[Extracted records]

definition prokhorov_topology :: "'a::metric_space measure topology" where
  "prokhorov_topology = topology (\<lambda>U. U \<subseteq> borel_probs \<and>
      (\<forall>M\<in>U. \<exists>e>0. \<forall>N\<in>borel_probs. prokhorov_dist M N < e \<longrightarrow> N \<in> U))"

definition ker_star :: "('a::real_vector \<Rightarrow> 'a) \<Rightarrow> 'a set" where
  "ker_star T = (\<Union>k::nat. {x. (T ^^ k) x = 0})"

definition set_diffs :: "'a::real_vector set \<Rightarrow> 'a set" where
  "set_diffs F = {x - y | x y. x \<in> F \<and> y \<in> F}"

definition dilation_invariant :: "'a::real_vector set \<Rightarrow> bool" where
  "dilation_invariant A \<longleftrightarrow> (\<forall>r>0. (\<lambda>x. r *\<^sub>R x) ` A = A)"

definition nowhere_dense :: "'a::topological_space set \<Rightarrow> bool" where
  "nowhere_dense A \<longleftrightarrow> interior (closure A) = {}"

end

theory Submission
  imports Defs
begin

text \<open>
  For closed \<open>C\<close> the map \<open>M \<mapsto> M(C)\<close> is upper semicontinuous in the Prokhorov topology,
  so having full support and not charging \<open>F\<close> are countably many open conditions
  (\<open>M(F) < 1/(k+1)\<close>, and \<open>M(-B) < 1\<close> for \<open>B\<close> in a countable basis): this is the \<open>G\<^sub>\<delta>\<close> part.

  For density, condition a given full-support invariant measure \<open>\<mu>\<close> on the complement of
  \<open>D = closure (F - F)\<close>. Invariance makes \<open>ker\<^sup>*(T) - {0}\<close> a \<open>\<mu>\<close>-null set, so hypothesis (iii)
  makes \<open>D\<close> invariant modulo \<open>\<mu>\<close>; the conditioned measure \<open>\<nu>\<close> is therefore invariant, and it
  keeps full support because \<open>D\<close> is nowhere dense. Now let \<open>m\<close> be any invariant measure and take
  \<open>x \<sim> m\<close>, \<open>y \<sim> \<nu>\<close> and \<open>t\<close> uniform on \<open>[0,1]\<close>, independent. The law of \<open>x + (t/r) y\<close> is invariant by
  linearity, has full support because \<open>\<nu>\<close> has, and tends to \<open>m\<close> as \<open>r \<rightarrow> \<infinity>\<close>. It does not
  charge \<open>F\<close>: almost surely \<open>y \<notin> F - F\<close>, and then dilation invariance of \<open>F - F\<close> lets the line
  \<open>x + \<real> y\<close> meet \<open>F\<close> at most once, a null event for \<open>t\<close>.
\<close>

section \<open>The Prokhorov topology\<close>

lemma istopology_prokhorov:
  "istopology (\<lambda>U. U \<subseteq> (borel_probs :: 'a::metric_space measure set) \<and>
      (\<forall>M\<in>U. \<exists>e>0. \<forall>N\<in>borel_probs. prokhorov_dist M N < e \<longrightarrow> N \<in> U))"
  unfolding istopology_def
proof safe
  fix U V and M :: "'a measure"
  assume "\<forall>M\<in>U. \<exists>e>0. \<forall>N\<in>borel_probs. prokhorov_dist M N < e \<longrightarrow> N \<in> U" "M \<in> U"
    and "\<forall>M\<in>V. \<exists>e>0. \<forall>N\<in>borel_probs. prokhorov_dist M N < e \<longrightarrow> N \<in> V" "M \<in> V"
  then obtain e1 e2 where "e1 > 0" "\<forall>N\<in>borel_probs. prokhorov_dist M N < e1 \<longrightarrow> N \<in> U"
    and "e2 > 0" "\<forall>N\<in>borel_probs. prokhorov_dist M N < e2 \<longrightarrow> N \<in> V"
    by meson
  then show "\<exists>e>0. \<forall>N\<in>borel_probs. prokhorov_dist M N < e \<longrightarrow> N \<in> U \<inter> V"
    by (intro exI[of _ "min e1 e2"]) auto
next
  fix \<U> and M :: "'a measure" and U
  assume "\<forall>U\<in>\<U>. U \<subseteq> borel_probs \<and> (\<forall>M\<in>U. \<exists>e>0. \<forall>N\<in>borel_probs. prokhorov_dist M N < e \<longrightarrow> N \<in> U)"
    and "M \<in> U" "U \<in> \<U>"
  then show "\<exists>e>0. \<forall>N\<in>borel_probs. prokhorov_dist M N < e \<longrightarrow> N \<in> \<Union>\<U>"
    by (meson UnionI)
next
  fix \<U> and M :: "'a measure" and U
  assume "\<forall>U\<in>\<U>. U \<subseteq> borel_probs \<and> (\<forall>M\<in>U. \<exists>e>0. \<forall>N\<in>borel_probs. prokhorov_dist M N < e \<longrightarrow> N \<in> U)"
    and "M \<in> U" "U \<in> \<U>"
  then show "M \<in> borel_probs" by blast
qed auto

lemma openin_prokhorov_topology:
  "openin prokhorov_topology U \<longleftrightarrow> U \<subseteq> borel_probs \<and>
      (\<forall>M\<in>U. \<exists>e>0. \<forall>N\<in>borel_probs. prokhorov_dist M N < e \<longrightarrow> N \<in> U)"
  unfolding prokhorov_topology_def by (subst topology_inverse'[OF istopology_prokhorov]) simp

lemma topspace_prokhorov_topology: "topspace prokhorov_topology = borel_probs"
proof
  show "topspace prokhorov_topology \<subseteq> borel_probs"
    unfolding topspace_def openin_prokhorov_topology by auto
  have "openin prokhorov_topology borel_probs"
    unfolding openin_prokhorov_topology by (auto intro: exI[of _ 1])
  then show "borel_probs \<subseteq> topspace prokhorov_topology" by (rule openin_subset)
qed

lemma prokhorov_dist_le:
  fixes M N :: "'a::metric_space measure"
  assumes "e > 0"
    and "\<And>A. A \<in> sets borel \<Longrightarrow> measure M A \<le> measure N (eps_nbhd A e) + e"
    and "\<And>A. A \<in> sets borel \<Longrightarrow> measure N A \<le> measure M (eps_nbhd A e) + e"
  shows "prokhorov_dist M N \<le> e"
  unfolding prokhorov_dist_def
  by (rule cInf_lower) (use assms in \<open>auto intro!: bdd_belowI[of _ 0]\<close>)

lemma prokhorov_dist_commute: "prokhorov_dist M N = prokhorov_dist N M"
  unfolding prokhorov_dist_def by (simp add: conj_commute)

lemma prokhorov_dist_lessE:
  fixes M N :: "'a::metric_space measure"
  assumes "M \<in> borel_probs" "N \<in> borel_probs" "prokhorov_dist M N < e"
  obtains e' where "0 < e'" "e' < e"
    "\<And>A. A \<in> sets borel \<Longrightarrow> measure N A \<le> measure M (eps_nbhd A e') + e'"
proof -
  let ?E = "{e. e > 0 \<and> (\<forall>A\<in>sets borel.
      measure M A \<le> measure N (eps_nbhd A e) + e \<and> measure N A \<le> measure M (eps_nbhd A e) + e)}"
  have "prob_space M" "prob_space N" using assms(1,2) by (auto simp: borel_probs_def)
  then have "1 \<in> ?E"
    by (auto simp: prob_space.prob_le_1 intro: order_trans[OF _ le_add_same_cancel2[THEN iffD2]])
  then have "?E \<noteq> {}" by blast
  from cInf_lessD[OF this assms(3)[unfolded prokhorov_dist_def]] that show ?thesis by blast
qed

lemma eps_nbhd_mono: "e1 \<le> e2 \<Longrightarrow> eps_nbhd A e1 \<subseteq> eps_nbhd A e2"
  unfolding eps_nbhd_def by force

lemma open_eps_nbhd: "open (eps_nbhd A e)"
proof -
  have "eps_nbhd A e = (\<Union>a\<in>A. ball a e)"
    unfolding eps_nbhd_def ball_def by (auto simp: dist_commute)
  then show ?thesis by auto
qed

lemma sets_eps_nbhd [measurable]: "eps_nbhd A e \<in> sets borel"
  by (rule borel_open[OF open_eps_nbhd])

Task item:
Go through the records and repeat each one exactly as written.

Answer space:
definition prokhorov_topology :: "'a::metric_space measure topology" where
  "prokhorov_topology = topology (\<lambda>U. U \<subseteq> borel_probs \<and>
      (\<forall>M\<in>U. \<exists>e>0. \<forall>N\<in>borel_probs. prokhorov_dist M N < e \<longrightarrow> N \<in> U))"

definition ker_star :: "('a::real_vector \<Rightarrow> 'a) \<Rightarrow> 'a set" where
  "ker_star T = (\<Union>k::nat. {x. (T ^^ k) x = 0})"

definition set_diffs :: "'a::real_vector set \<Rightarrow> 'a set" where
  "set_diffs F = {x - y | x y. x \<in> F \<and> y \<in> F}"

definition dilation_invariant :: "'a::real_vector set \<Rightarrow> bool" where
  "dilation_invariant A \<longleftrightarrow> (\<forall>r>0. (\<lambda>x. r *\<^sub>R x) ` A = A)"

definition nowhere_dense :: "'a::topological_space set \<Rightarrow> bool" where
  "nowhere_dense A \<longleftrightarrow> interior (closure A) = {}"

end

theory Submission
  imports Defs
begin

text \<open>
  For closed \<open>C\<close> the map \<open>M \<mapsto> M(C)\<close> is upper semicontinuous in the Prokhorov topology,
  so having full support and not charging \<open>F\<close> are countably many open conditions
  (\<open>M(F) < 1/(k+1)\<close>, and \<open>M(-B) < 1\<close> for \<open>B\<close> in a countable basis): this is the \<open>G\<^sub>\<delta>\<close> part.

  For density, condition a given full-support invariant measure \<open>\<mu>\<close> on the complement of
  \<open>D = closure (F - F)\<close>. Invariance makes \<open>ker\<^sup>*(T) - {0}\<close> a \<open>\<mu>\<close>-null set, so hypothesis (iii)
  makes \<open>D\<close> invariant modulo \<open>\<mu>\<close>; the conditioned measure \<open>\<nu>\<close> is therefore invariant, and it
  keeps full support because \<open>D\<close> is nowhere dense. Now let \<open>m\<close> be any invariant measure and take
  \<open>x \<sim> m\<close>, \<open>y \<sim> \<nu>\<close> and \<open>t\<close> uniform on \<open>[0,1]\<close>, independent. The law of \<open>x + (t/r) y\<close> is invariant by
  linearity, has full support because \<open>\<nu>\<close> has, and tends to \<open>m\<close> as \<open>r \<rightarrow> \<infinity>\<close>. It does not
  charge \<open>F\<close>: almost surely \<open>y \<notin> F - F\<close>, and then dilation invariance of \<open>F - F\<close> lets the line
  \<open>x + \<real> y\<close> meet \<open>F\<close> at most once, a null event for \<open>t\<close>.
\<close>

section \<open>The Prokhorov topology\<close>

lemma istopology_prokhorov:
  "istopology (\<lambda>U. U \<subseteq> (borel_probs :: 'a::metric_space measure set) \<and>
      (\<forall>M\<in>U. \<exists>e>0. \<forall>N\<in>borel_probs. prokhorov_dist M N < e \<longrightarrow> N \<in> U))"
  unfolding istopology_def
proof safe
  fix U V and M :: "'a measure"
  assume "\<forall>M\<in>U. \<exists>e>0. \<forall>N\<in>borel_probs. prokhorov_dist M N < e \<longrightarrow> N \<in> U" "M \<in> U"
    and "\<forall>M\<in>V. \<exists>e>0. \<forall>N\<in>borel_probs. prokhorov_dist M N < e \<longrightarrow> N \<in> V" "M \<in> V"
  then obtain e1 e2 where "e1 > 0" "\<forall>N\<in>borel_probs. prokhorov_dist M N < e1 \<longrightarrow> N \<in> U"
    and "e2 > 0" "\<forall>N\<in>borel_probs. prokhorov_dist M N < e2 \<longrightarrow> N \<in> V"
    by meson
  then show "\<exists>e>0. \<forall>N\<in>borel_probs. prokhorov_dist M N < e \<longrightarrow> N \<in> U \<inter> V"
    by (intro exI[of _ "min e1 e2"]) auto
next
  fix \<U> and M :: "'a measure" and U
  assume "\<forall>U\<in>\<U>. U \<subseteq> borel_probs \<and> (\<forall>M\<in>U. \<exists>e>0. \<forall>N\<in>borel_probs. prokhorov_dist M N < e \<longrightarrow> N \<in> U)"
    and "M \<in> U" "U \<in> \<U>"
  then show "\<exists>e>0. \<forall>N\<in>borel_probs. prokhorov_dist M N < e \<longrightarrow> N \<in> \<Union>\<U>"
    by (meson UnionI)
next
  fix \<U> and M :: "'a measure" and U
  assume "\<forall>U\<in>\<U>. U \<subseteq> borel_probs \<and> (\<forall>M\<in>U. \<exists>e>0. \<forall>N\<in>borel_probs. prokhorov_dist M N < e \<longrightarrow> N \<in> U)"
    and "M \<in> U" "U \<in> \<U>"
  then show "M \<in> borel_probs" by blast
qed auto

lemma openin_prokhorov_topology:
  "openin prokhorov_topology U \<longleftrightarrow> U \<subseteq> borel_probs \<and>
      (\<forall>M\<in>U. \<exists>e>0. \<forall>N\<in>borel_probs. prokhorov_dist M N < e \<longrightarrow> N \<in> U)"
  unfolding prokhorov_topology_def by (subst topology_inverse'[OF istopology_prokhorov]) simp

lemma topspace_prokhorov_topology: "topspace prokhorov_topology = borel_probs"
proof
  show "topspace prokhorov_topology \<subseteq> borel_probs"
    unfolding topspace_def openin_prokhorov_topology by auto
  have "openin prokhorov_topology borel_probs"
    unfolding openin_prokhorov_topology by (auto intro: exI[of _ 1])
  then show "borel_probs \<subseteq> topspace prokhorov_topology" by (rule openin_subset)
qed

lemma prokhorov_dist_le:
  fixes M N :: "'a::metric_space measure"
  assumes "e > 0"
    and "\<And>A. A \<in> sets borel \<Longrightarrow> measure M A \<le> measure N (eps_nbhd A e) + e"
    and "\<And>A. A \<in> sets borel \<Longrightarrow> measure N A \<le> measure M (eps_nbhd A e) + e"
  shows "prokhorov_dist M N \<le> e"
  unfolding prokhorov_dist_def
  by (rule cInf_lower) (use assms in \<open>auto intro!: bdd_belowI[of _ 0]\<close>)

lemma prokhorov_dist_commute: "prokhorov_dist M N = prokhorov_dist N M"
  unfolding prokhorov_dist_def by (simp add: conj_commute)

lemma prokhorov_dist_lessE:
  fixes M N :: "'a::metric_space measure"
  assumes "M \<in> borel_probs" "N \<in> borel_probs" "prokhorov_dist M N < e"
  obtains e' where "0 < e'" "e' < e"
    "\<And>A. A \<in> sets borel \<Longrightarrow> measure N A \<le> measure M (eps_nbhd A e') + e'"
proof -
  let ?E = "{e. e > 0 \<and> (\<forall>A\<in>sets borel.
      measure M A \<le> measure N (eps_nbhd A e) + e \<and> measure N A \<le> measure M (eps_nbhd A e) + e)}"
  have "prob_space M" "prob_space N" using assms(1,2) by (auto simp: borel_probs_def)
  then have "1 \<in> ?E"
    by (auto simp: prob_space.prob_le_1 intro: order_trans[OF _ le_add_same_cancel2[THEN iffD2]])
  then have "?E \<noteq> {}" by blast
  from cInf_lessD[OF this assms(3)[unfolded prokhorov_dist_def]] that show ?thesis by blast
qed

lemma eps_nbhd_mono: "e1 \<le> e2 \<Longrightarrow> eps_nbhd A e1 \<subseteq> eps_nbhd A e2"
  unfolding eps_nbhd_def by force

lemma open_eps_nbhd: "open (eps_nbhd A e)"
proof -
  have "eps_nbhd A e = (\<Union>a\<in>A. ball a e)"
    unfolding eps_nbhd_def ball_def by (auto simp: dist_commute)
  then show ?thesis by auto
qed

lemma sets_eps_nbhd [measurable]: "eps_nbhd A e \<in> sets borel"
  by (rule borel_open[OF open_eps_nbhd])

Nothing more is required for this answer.